Closed twenzel closed 5 years ago
Thanks! Would you mind submitting the contents of project.assets.json
located on obj
folder? The error seems to be related to parsing that file.
I'm getting the same issue and it's because there are two targets. So maybe the code needs to be updated to handle multiple targets? I'm providing a top level view of my project.assets.json
because it's 24k lines and I think that the multiple targets probably highlight the issue since Single()
is going to throw an exception with multiple targets. Work around in the code might be First()
or FirstOrDefault()
but that's just my first thought and opinion.
{ "version": 3, "targets": { ".NETCoreApp,Version=v2.2": { // ... whole lot of data! }, ".NETCoreApp,Version=v2.2/win-x64": { // ... whole lot of data! } } }
Thanks, will see if I’m able to reproduce. Multiple targets should not be sn issue, but for some reason the project.assets.json
contains two targets with same TFM. Which is weird.
Multiple targets would always be an issue if you're calling Single()

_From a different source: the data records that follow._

(* Let $(\mathcal Q,d)$ be a Hadamard space, $Y$ a $\mathcal Q$-valued random variable and $o\in\mathcal Q$. Let $m\in\arg\min_{q\in\mathcal Q}\mathbb E[d(Y,q)-d(Y,o)]$ (a Fréchet median), let $q\in\mathcal Q\setminus\{m\}$ and let $\eta\in[0,1]$. Then $$\mathbb E\big[d(Y,q)-d(Y,m)\big]\ \ge\ \tfrac12\,\eta^2\, d(q,m)^2\,\mathbb E\Big[\max\big(d(Y,m),d(Y,q)\big)^{-1}\,\mathbf 1_{A(m,q,\eta)}(Y)\Big].$$
   Context: A Hadamard space is a complete metric space $(\mathcal Q,d)$ such that for all $y_0,y_1\in\mathcal Q$ there is $m\in\mathcal Q$ with $\frac12 d(y_0,q)^2+\frac12 d(y_1,q)^2-\frac14 d(y_0,y_1)^2\ge d(q,m)^2$ for all $q\in\mathcal Q$ (complete CAT(0) space). For $p\ne q$ in a Hadamard space, $\gamma_{p\to q}:[0,d(p,q)]\to\mathcal Q$ denotes the unique unit-speed geodesic from $p$ to $q$ (i.e. $d(\gamma(s),\gamma(t))=|s-t|$). For a real function $g$, $g^{\oplus}$, $g^{\ominus}$ denote right and left derivatives. For $y\in\mathcal Q$ write $f_y(t):=d(y,\gamma_{p\to q}(t))$. The "bowtie complement" is $$A(p,q,\eta):=\Big\{y\in\mathcal Q:\ \max\big(f_y^{\oplus}(0)^2,\ f_y^{\ominus}(d(q,p))^2\big)\le 1-\eta^2\Big\}.$$ *)

theory Defs
  imports "HOL-Probability.Probability"
begin

text \<open>Hadamard space: complete metric space with the midpoint (CAT(0)) inequality.\<close>
definition hadamard :: "'a::complete_space itself \<Rightarrow> bool" where
  "hadamard _ \<longleftrightarrow>
     (\<forall>y0 y1::'a. \<exists>m::'a. \<forall>q::'a.
        (1/2) * (dist y0 q)^2 + (1/2) * (dist y1 q)^2 - (1/4) * (dist y0 y1)^2 \<ge> (dist q m)^2)"

definition unit_geodesic :: "'a::metric_space \<Rightarrow> 'a \<Rightarrow> (real \<Rightarrow> 'a) \<Rightarrow> bool" where
  "unit_geodesic p q \<gamma> \<longleftrightarrow> \<gamma> 0 = p \<and> \<gamma> (dist p q) = q \<and>
     (\<forall>s\<in>{0..dist p q}. \<forall>t\<in>{0..dist p q}. dist (\<gamma> s) (\<gamma> t) = \<bar>s - t\<bar>)"

definition geod :: "'a::metric_space \<Rightarrow> 'a \<Rightarrow> real \<Rightarrow> 'a" where
  "geod p q = (SOME \<gamma>. unit_geodesic p q \<gamma>)"

definition right_deriv :: "(real \<Rightarrow> real) \<Rightarrow> real \<Rightarrow> real" where
  "right_deriv g t = Lim (at_right t) (\<lambda>s. (g s - g t) / (s - t))"

definition left_deriv :: "(real \<Rightarrow> real) \<Rightarrow> real \<Rightarrow> real" where
  "left_deriv g t = Lim (at_left t) (\<lambda>s. (g s - g t) / (s - t))"

definition dist_along :: "'a::metric_space \<Rightarrow> 'a \<Rightarrow> 'a \<Rightarrow> real \<Rightarrow> real" where
  "dist_along p q y t = dist y (geod p q t)"

definition bowtie_compl :: "'a::metric_space \<Rightarrow> 'a \<Rightarrow> real \<Rightarrow> 'a set" where
  "bowtie_compl p q \<eta> = {y. max ((right_deriv (dist_along p q y) 0)^2)
                                 ((left_deriv (dist_along p q y) (dist q p))^2) \<le> 1 - \<eta>^2}"

end

theory Submission
  imports Defs
begin

text \<open>
  Let \<open>\<gamma>\<close> be the unit-speed geodesic from \<open>m\<close> to \<open>q\<close>, \<open>L = d(m,q)\<close> and \<open>f\<^sub>y(s) = d(y, \<gamma> s)\<close>.
  The CAT(0) midpoint inequality makes both \<open>f\<^sub>y\<close> and \<open>f\<^sub>y\<^sup>2 - s\<^sup>2\<close> convex. Convexity of \<open>f\<^sub>y\<close>
  turns its one-sided derivatives into monotone limits of difference quotients, so minimality
  of \<open>m\<close> and dominated convergence give \<open>E[f\<^sub>Y\<^sup>+(0)] \<ge> 0\<close>, and \<open>L f\<^sub>y\<^sup>+(0) \<le> d(y,q) - d(y,m)\<close>
  pointwise. Convexity of \<open>f\<^sub>y\<^sup>2 - s\<^sup>2\<close> is comparison with the Euclidean triangle of sides
  \<open>a = d(y,m)\<close>, \<open>b = d(y,q)\<close>, \<open>L\<close>: with \<open>c = (b\<^sup>2 - a\<^sup>2 - L\<^sup>2)/(2aL)\<close> it yields
  \<open>f\<^sub>y\<^sup>+(0) \<le> c \<le> f\<^sub>y\<^sup>-(L)\<close>. On the bowtie complement this forces \<open>c\<^sup>2 \<le> 1 - \<eta>\<^sup>2\<close>, and the law of
  cosines gives \<open>b - a - Lc = L\<^sup>2(1 - c\<^sup>2)/(b + a + Lc) \<ge> \<eta>\<^sup>2 L\<^sup>2 / (2 max a b)\<close>.
  Adding the two pointwise bounds and integrating proves the theorem.
\<close>

section \<open>Midpoints and geodesics in Hadamard spaces\<close>

lemma hadamard_midpointE:
  fixes x y :: "'a::complete_space"
  assumes "hadamard TYPE('a)"
  obtains w :: 'a
  where "\<And>z. (dist z w)\<^sup>2 \<le> (1/2) * (dist x z)\<^sup>2 + (1/2) * (dist y z)\<^sup>2 - (1/4) * (dist x y)\<^sup>2"
  using assms unfolding hadamard_def by blast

on a collection with more than one, that's why its usage is seldom. First()
and FirstOrDefault()
tend to be best practice unless you've already explicitly checked that there is a single element before trying to access it.

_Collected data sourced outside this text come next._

lemma sec_state_Suc_diff:
  assumes "\<forall>us ys. \<pi> us ys \<in> U" shows "sec_state \<pi> (Suc k) - sec_state \<pi> k \<in> U"
  using assms by (cases "sec_run \<pi> k") (simp add: sec_state_def f_add_def Let_def)

lemma sec_state_thirds:
  assumes "sec_admissible \<pi>" shows "\<exists>q. sec_state \<pi> k = real q / 3 \<and> q \<le> k"
proof -
  have U: "\<forall>us ys. \<pi> us ys \<in> U_thirds" using assms by (simp add: sec_admissible_def)
  have "\<exists>n::int. sec_state \<pi> k = of_int n / 3 \<and> n \<le> int k"
  proof (induction k)
    case 0
    then show ?case by (intro exI[of _ 0]) (simp add: sec_state_0)
  next
    case (Suc k)
    then obtain n where n: "sec_state \<pi> k = of_int n / 3" "n \<le> int k" by blast
    obtain d where d: "sec_state \<pi> (Suc k) - sec_state \<pi> k = of_int d / 3" "\<bar>d\<bar> \<le> 1"
      using thirds_step[OF sec_state_Suc_diff[OF U]] by blast
    show ?case
      using n d by (intro exI[of _ "n + d"]) (auto simp: field_simps)
  qed
  then obtain n where n: "sec_state \<pi> k = of_int n / 3" "n \<le> int k" by blast
  moreover have "0 \<le> n"
  proof -
    have "0 \<le> sec_state \<pi> k" using assms by (simp add: sec_admissible_def)
    with n(1) show ?thesis by simp
  qed
  ultimately show ?thesis by (intro exI[of _ "nat n"]) auto
qed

Hence the predicate inside the Single()
, https://github.com/mholo65/depends/blob/master/src/Depends.Core/DependencyAnalyzer.cs#L205, and an expectation not to find more than one matching elements. In the project.assets.json
files I worked with, when testing I’ve seen multiple targets, but only one target per target framework. I can’t understand why there are more than one target with same target framework, therefore it would be great to have a look at such file.
I'm not sure why this project does that but I do have other projects that target windows and macos but the same framework. That could be another instance.
I'll look over my file and make sure it doesn't have anything sensitive. Should I just post the file contents here or would you like me to send it to you another way? Thanks for the help!
Now I see. <OutputType>Exe</OutputType>
in the .csproj
will create two targets in project.assets.json
for the same target framework. One with the RID (runtime identifier) and one without. Need to dig deeper and decide which one of these to pick.
Fantastic, let me know if you need any other info.